IJM’s Uganda offices initiated a pilot project in 2018 to assess the nature, scale and forms of intimate partner violence in the Gulu area.
The project goal was to ascertain whether IJM’s approach to combating violence by collaborating with the justice system to protect survivors and bring perpetrators to justice was applicable to IPV, and to contribute learnings from our clients and partners to others in the field. To view IJM’s learnings from its IPV pilot program in northern Uganda, see pages 21-27 of the 2019 IJM Justice Review.
In 2017, IJM received a contract from the Ministry of Gender, who had been granted funds from the World Bank to develop and execute a pilot project focused on prevention and response to sexual violence against children in Kamwenge and Kabarole Districts, “The “Supporting Children’s Opportunities through Protection and Empowerment” Project (SCOPE.) Partners included Ugandan national authorities, comprising the Ministry of Gender, Labor and Social Development, the Uganda Police Force (UPF), the Judiciary, the Office of the Director of Public Prosecutions, as well as partners at the District government level.
EU - UN Spotlight Initiative
In October 2019, IJM became an implementing partner of the UN Development Program (UNDP) for the EU-funded UN Spotlight Initiative. Spotlight is a 500 million Euro global initiative to eliminate violence against women and girls; Uganda was the only East African country selected. In its Spotlight program areas in Uganda (Kasese District in 2019, Kasese and Tororo Districts in 202o), IJM’s approach focuses on community knowledge and awareness of essential service provision, building the capacity of those essential services, empowering survivors and raising their voices and building longer-term accountability so that communities and justice service providers work together.
In each district IJM first carries out a gap analysis, including household surveys, stakeholder interviews and document reviews.

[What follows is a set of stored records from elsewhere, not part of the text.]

lemma Dshift_le_of_differ:
  assumes "p \<ge> 1" "\<omega> i \<noteq> \<omega>' i"
  shows "inverse (real p) ^ Suc i \<le> Dshift p \<omega> \<omega>'"
proof -
  have "(LEAST n. \<omega> n \<noteq> \<omega>' n) \<le> i" using assms(2) by (rule Least_le)
  then have "inverse (real p) ^ Suc i \<le> inverse (real p) ^ Suc (LEAST n. \<omega> n \<noteq> \<omega>' n)"
    using assms(1) by (intro power_decreasing) (auto simp: inverse_le_1_iff)
  with assms(2) show ?thesis by (auto simp: Dshift_def)
qed

lemma Dshift_ultrametric:
  assumes "p \<ge> 1"
  shows "Dshift p \<omega> \<omega>'' \<le> max (Dshift p \<omega> \<omega>') (Dshift p \<omega>' \<omega>'')"
proof (cases "\<omega> = \<omega>''")
  case True
  then show ?thesis using Dshift_nonneg[OF assms] by (simp add: Dshift_def le_max_iff_disj)
next
  case False
  define m where "m = (LEAST n. \<omega> n \<noteq> \<omega>'' n)"
  have "\<exists>n. \<omega> n \<noteq> \<omega>'' n" using False by (auto simp: fun_eq_iff)
  then have "\<omega> m \<noteq> \<omega>'' m" unfolding m_def by (rule LeastI_ex)
  moreover have "Dshift p \<omega> \<omega>'' = inverse (real p) ^ Suc m" using False by (simp add: Dshift_def m_def)
  ultimately show ?thesis
    using Dshift_le_of_differ[OF assms, of \<omega> m \<omega>'] Dshift_le_of_differ[OF assms, of \<omega>' m \<omega>'']
    by (metis le_max_iff_disj)
qed

lemma Dshift_less_imp_agree:
  assumes "p \<ge> 1" "Dshift p \<omega> \<omega>' < inverse (real p) ^ m" "i < m"
  shows "\<omega> i = \<omega>' i"
proof (rule ccontr)
  assume "\<omega> i \<noteq> \<omega>' i"
  then have "inverse (real p) ^ Suc i \<le> Dshift p \<omega> \<omega>'" by (rule Dshift_le_of_differ[OF assms(1)])
  moreover have "inverse (real p) ^ m \<le> inverse (real p) ^ Suc i"
    using assms(1,3) by (intro power_decreasing) (auto simp: inverse_le_1_iff)
  ultimately show False using assms(2) by linarith
qed

text \<open>The bound is uniform in p because two distinct sequences exist only when p \<ge> 2.\<close>
lemma Dshift_le_of_agree:
  assumes "\<omega> \<in> shift_space p" "\<omega>' \<in> shift_space p" "\<And>i. i < m \<Longrightarrow> \<omega> i = \<omega>' i"
  shows "Dshift p \<omega> \<omega>' \<le> (1/2) ^ Suc m"
proof (cases "\<omega> = \<omega>'")
  case False
  define L where "L = (LEAST n. \<omega> n \<noteq> \<omega>' n)"
  have "\<exists>n. \<omega> n \<noteq> \<omega>' n" using False by (auto simp: fun_eq_iff)
  then have "\<omega> L \<noteq> \<omega>' L" unfolding L_def by (rule LeastI_ex)
  then have "m \<le> L" using assms(3) not_le by blast
  have "p \<ge> 2"
  proof -
    have "\<omega> L \<in> {1..p}" "\<omega>' L \<in> {1..p}" using assms(1,2) by (auto simp: shift_space_def)
    then show ?thesis using \<open>\<omega> L \<noteq> \<omega>' L\<close> by auto
  qed
  then have "inverse (real p) ^ Suc L \<le> (1/2) ^ Suc L"
    by (intro power_mono) (auto simp: field_simps)
  also have "\<dots> \<le> (1/2) ^ Suc m" using \<open>m \<le> L\<close> by (intro power_decreasing) auto
  finally show ?thesis using False by (simp add: Dshift_def L_def)
qed (simp add: Dshift_def)

lemma skew_dist_metric:
  assumes "p \<ge> 1"
  shows "Metric_space (shift_space p \<times> X) (skew_dist p)"
proof
  fix z z' z'' :: "(nat \<Rightarrow> nat) \<times> 'a"
  show "0 \<le> skew_dist p z z'"
    using Dshift_nonneg[OF assms] by (simp add: skew_dist_def le_max_iff_disj)
  show "skew_dist p z z' = skew_dist p z' z"
    by (simp add: skew_dist_def Dshift_commute dist_commute)
  show "skew_dist p z z' = 0 \<longleftrightarrow> z = z'"
    using Dshift_nonneg[OF assms, of "fst z" "fst z'"] Dshift_eq_0_iff[OF assms, of "fst z" "fst z'"]
      zero_le_dist[of "snd z" "snd z'"]
    by (auto simp: skew_dist_def prod_eq_iff max_def split: if_splits)
  show "skew_dist p z z'' \<le> skew_dist p z z' + skew_dist p z' z''"
    unfolding skew_dist_def
  proof (rule max.boundedI)
    have "Dshift p (fst z) (fst z'') \<le> Dshift p (fst z) (fst z') + Dshift p (fst z') (fst z'')"
      using Dshift_ultrametric[OF assms, of "fst z" "fst z''" "fst z'"]
        Dshift_nonneg[OF assms, of "fst z" "fst z'"] Dshift_nonneg[OF assms, of "fst z'" "fst z''"]
      by (simp add: max_def split: if_split_asm)
    then show "Dshift p (fst z) (fst z'') \<le> max (Dshift p (fst z) (fst z')) (dist (snd z) (snd z'))
        + max (Dshift p (fst z') (fst z'')) (dist (snd z') (snd z''))"
      using add_mono[OF max.cobounded1 max.cobounded1] by (rule order_trans)
    show "dist (snd z) (snd z'') \<le> max (Dshift p (fst z) (fst z')) (dist (snd z) (snd z'))
        + max (Dshift p (fst z') (fst z'')) (dist (snd z') (snd z''))"
      using dist_triangle[of "snd z" "snd z''" "snd z'"] add_mono[OF max.cobounded2 max.cobounded2]
      by (rule order_trans)
  qed
qed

This is designed to map the gaps in service provision and community knowledge on what is available to support women and girls that are at risk of or survivors of violence and harmful practices. IJM then uses the findings of this analysis to develop and deliver a tailored program of trainings and long-term mentorship to justice service providers (police, state attorneys, magistrates, social welfare/probation officers, health workers, local councilors and cultural leaders). This covers trauma-informed approaches, how to support and engage with survivors, how to raise awareness in communities and amongst those at risk, how to coordinate and ways in which to improve service provision across all forms of violence against women and girls and harmful practices. IJM then complements this by working with other community-based organizations, such as health workers, to share key messages with communities and build sustainable, appropriate and accessible justice services.